Bar graphs, or bar charts are a way in which one can visually represent data. They consist of a set of bars (elongated rectangles), the length of which indicate the number (or frequency) of the variable being measured.

   Eggs Nogged

100 |
    |                 #
 80 |                 #
    |                 #
 60 |                 #
    |                 #
 40 |                 #
    |        #        #        
 20 |        #        #        #
    |        #        #        #
  0 |        #        #        #           
  --------------------------------------------
            '00      '01     '02      '03*

   *Watch this space

But bar graphs may be more interesting than you think... They come in different flavors! I will attempt to introduce you to some of the more common. If I'm missing your favorite bar graph, /msg and I'll add it.

Histogram: Not just the length, but also the width of the bars contain information (class intervals or somesuch).

Stacked Bar Chart: The bar is subdivided (usually by a change in colour), so that you can see the different subcategories within each category.


           Cars Observed

                 8 |                   ---- 
                   |                  |====|
                 6 |       ----       |====|
                   |      |====|      |====|
                 4 | Blue |====| Blue |====|
                   |      |====|      |    |
                 2 |      |    |      |    |
                   | Red  |    |  Red |    |
                 1 |      |    |      |    |
               -------------------------------
                           Mon.        Tues.

Multiple Bar Chart: Much the same as the Stacked Bar Chart, but instead of being stacked the ‘subcategories’ are placed in two (or occasionally more) separate bars, paired so that they are touching. This is used when you want emphasize the difference between the categories; with the Stacked Bar Chart, it can be hard to compare the sizes of the subcategories, as the stacked (upper) category is not starting from a fixed point (it is starting from wherever the previous subcategory left off, which often varies). These are frequently used in the social sciences. The two categories most often paired off are male and female.

Tower Chart: A three dimensional bar chart, or a bar chart presented as if it is in a three dimensional space. This is usually done so that you can place related bar charts next to each other in the third dimension (one behind the other).
http://www.causeway.co.uk/tutorial/rainpro/tutor/apl2000/chtower.htm has a nice picture.

Gantt chart: A bar graph in which the bars are not attached either edge – originally, and usually, used for representing when events take place in time.

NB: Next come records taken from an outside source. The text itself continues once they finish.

text \<open>With \<open>c = \<alpha> * \<beta> * g\<close>, \<open>v = \<beta> / (\<alpha> * c ^ m)\<close> and \<open>w = 1 / v\<close> are written over powers of
  \<open>f0 * c\<close>; for \<open>r = r0 * c\<close> the generator \<open>v * r ^ m\<close> is \<open>\<beta> * r0 ^ m / \<alpha>\<close>.\<close>

lemma exists_kernel_hloc_unit:
  assumes \<alpha>: "D \<alpha> = 0" "\<alpha> \<noteq> 0" "\<alpha> \<in> Bg ea" and \<beta>: "D \<beta> = 0" "\<beta> \<noteq> 0" "\<beta> \<in> Bg eb"
    and g: "D g = 0" "g \<noteq> 0" "g \<in> Bg eg" and f0: "D f0 = 0" "f0 \<noteq> 0" "f0 \<in> Bg ef"
    and m_\<delta>: "int m * \<delta> = ea - eb"
  shows "\<exists>v w. v \<in> hloc kernel (f0 * (\<alpha> * \<beta> * g)) (- (int m * (\<delta> + (ea + eb + eg))))
    \<and> w \<in> hloc kernel (f0 * (\<alpha> * \<beta> * g)) (int m * (\<delta> + (ea + eb + eg))) \<and> v * w = 1"
proof -
  define c where "c = \<alpha> * \<beta> * g"
  define f where "f = f0 * c"
  define E where "E = ef + (ea + eb + eg)"
  have c: "D c = 0" "c \<noteq> 0" "c \<in> Bg (ea + eb + eg)"
    unfolding c_def using \<alpha> \<beta> g by (auto simp: D_mult_kernel intro: mult_mem)
  have f: "f \<noteq> 0" "f \<in> Bg E"
    unfolding f_def E_def using f0 c by (auto intro: mult_mem)
  have "fract_of (\<beta> * \<beta> * f0 ^ Suc m * g) / fract_of f ^ Suc m
      \<in> hloc kernel f (- (int m * (\<delta> + (ea + eb + eg))))"
  proof (rule hlocI[OF f])
    show "\<beta> * \<beta> * f0 ^ Suc m * g \<in> kernel"
      using \<beta> f0 g by (simp add: D_mult_kernel D_power_kernel)
    show "\<beta> * \<beta> * f0 ^ Suc m * g \<in> Bg (int (Suc m) * E + - (int m * (\<delta> + (ea + eb + eg))))"
      by (rule mult_mem'[OF mult_mem[OF mult_mem[OF \<beta>(3) \<beta>(3)] power_mem[OF f0(3)]] g(3)])
        (use m_\<delta> in \<open>simp add: E_def algebra_simps\<close>)
  qed
  moreover have "fract_of (\<alpha> * \<alpha> * c ^ m * f0 * g) / fract_of f ^ 1
      \<in> hloc kernel f (int m * (\<delta> + (ea + eb + eg)))"
  proof (rule hlocI[OF f])
    show "\<alpha> * \<alpha> * c ^ m * f0 * g \<in> kernel"
      using \<alpha> c f0 g by (simp add: D_mult_kernel D_power_kernel)
    show "\<alpha> * \<alpha> * c ^ m * f0 * g \<in> Bg (int 1 * E + int m * (\<delta> + (ea + eb + eg)))"
      by (rule mult_mem'[OF mult_mem[OF mult_mem[OF mult_mem[OF \<alpha>(3) \<alpha>(3)] power_mem[OF c(3)]] f0(3)] g(3)])
        (use m_\<delta> in \<open>simp add: E_def algebra_simps\<close>)
  qed
  moreover have "fract_of (\<beta> * \<beta> * f0 ^ Suc m * g) / fract_of f ^ Suc m
      * (fract_of (\<alpha> * \<alpha> * c ^ m * f0 * g) / fract_of f ^ 1) = 1"
    using f(1) unfolding f_def c_def by (simp add: field_simps power_mult_distrib)
  ultimately show ?thesis
    unfolding f_def c_def by blast
qed
definition normal_elem :: "('a, 'b) monoid_scheme \<Rightarrow> ('a \<Rightarrow> 'a \<Rightarrow> bool) \<Rightarrow> 'a \<Rightarrow> bool" where
  "normal_elem G leq s \<longleftrightarrow> s \<in> carrier G \<and> lattice_automorphism G leq (\<lambda>x. s \<otimes>\<^bsub>G\<^esub> x)"

definition strong_order_unit :: "('a, 'b) monoid_scheme \<Rightarrow> ('a \<Rightarrow> 'a \<Rightarrow> bool) \<Rightarrow> 'a \<Rightarrow> bool" where
  "strong_order_unit G leq s \<longleftrightarrow> s \<in> carrier G \<and> leq \<one>\<^bsub>G\<^esub> s \<and> s \<noteq> \<one>\<^bsub>G\<^esub>
     \<and> normal_elem G leq s
     \<and> (\<forall>g\<in>carrier G. \<exists>k::int. leq g (s [^]\<^bsub>G\<^esub> k))"

definition neg_cone :: "('a, 'b) monoid_scheme \<Rightarrow> ('a \<Rightarrow> 'a \<Rightarrow> bool) \<Rightarrow> 'a set" where
  "neg_cone G leq = {g \<in> carrier G. leq g \<one>\<^bsub>G\<^esub>}"

definition lint :: "('a, 'b) monoid_scheme \<Rightarrow> ('a \<Rightarrow> 'a \<Rightarrow> bool) \<Rightarrow> 'a \<Rightarrow> 'a \<Rightarrow> 'a set" where
  "lint G leq a b = {x \<in> carrier G. leq a x \<and> leq x b}"

text \<open>A list gs = [g_1, ..., g_k] represents the sequence g_1,...,g_k; its product
g_k * ... * g_1 is fold (\<lambda>x acc. x * acc) gs 1.\<close>

definition rev_prod :: "('a, 'b) monoid_scheme \<Rightarrow> 'a list \<Rightarrow> 'a" where
  "rev_prod G gs = fold (\<lambda>x acc. x \<otimes>\<^bsub>G\<^esub> acc) gs \<one>\<^bsub>G\<^esub>"

definition right_normal_factorization ::
  "('a, 'b) monoid_scheme \<Rightarrow> ('a \<Rightarrow> 'a \<Rightarrow> bool) \<Rightarrow> 'a \<Rightarrow> 'a \<Rightarrow> 'a list \<Rightarrow> bool" where
  "right_normal_factorization G leq s g gs \<longleftrightarrow>
     (\<forall>i<length gs. gs ! i \<in> lint G leq (inv\<^bsub>G\<^esub> s) \<one>\<^bsub>G\<^esub>)
     \<and> g = rev_prod G gs
     \<and> (\<forall>i<length gs. gs ! i \<noteq> \<one>\<^bsub>G\<^esub>)
     \<and> (\<forall>i. i + 1 < length gs \<longrightarrow>
          \<not> (\<exists>h\<in>neg_cone G leq. \<exists>h'\<in>neg_cone G leq. h \<noteq> \<one>\<^bsub>G\<^esub>
                \<and> h' \<otimes>\<^bsub>G\<^esub> h = gs ! (i + 1)
                \<and> h \<otimes>\<^bsub>G\<^esub> gs ! i \<in> lint G leq (inv\<^bsub>G\<^esub> s) \<one>\<^bsub>G\<^esub>))"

       Eat Lunch -- Node -- Snack -- Sleep 
12:00 |               X
1:00  |   X
2:00  |   X
3:00  |               X
4:00  |               X             
5:00  |               X
6:00  |               X
7:00  |               X      X
8:00  |               X
9:00  |               X
10:00 |               X
11:00 |               X
12:00 |               X
1:00  |                      X
2:00  |                               X
3:00  |                               X
-----------------------------------------------


You might also want to check out the closely related Pie chart, which is good at emphasizing/comparing differences in frequency; Line graph, the most familiar of the graphs; and Table, for when a graph just isn’t needed.



Note: you’ll notice that I’m not systematic in my usage of the terms ‘bar chart’ and ‘bar graph’. This is because I have been attempting to use the term that is used most frequently (I’m using Google searches to determine this). I have no idea why it is ‘Bar Graph’ but ‘Multiple Bar Chart’ – but it is. Admittedly ‘Multiple Bar Chart’ beat out ‘Multiple Bar Graph’ by only a small amount, but it’s my node, and I’ll be pedantic if I want to.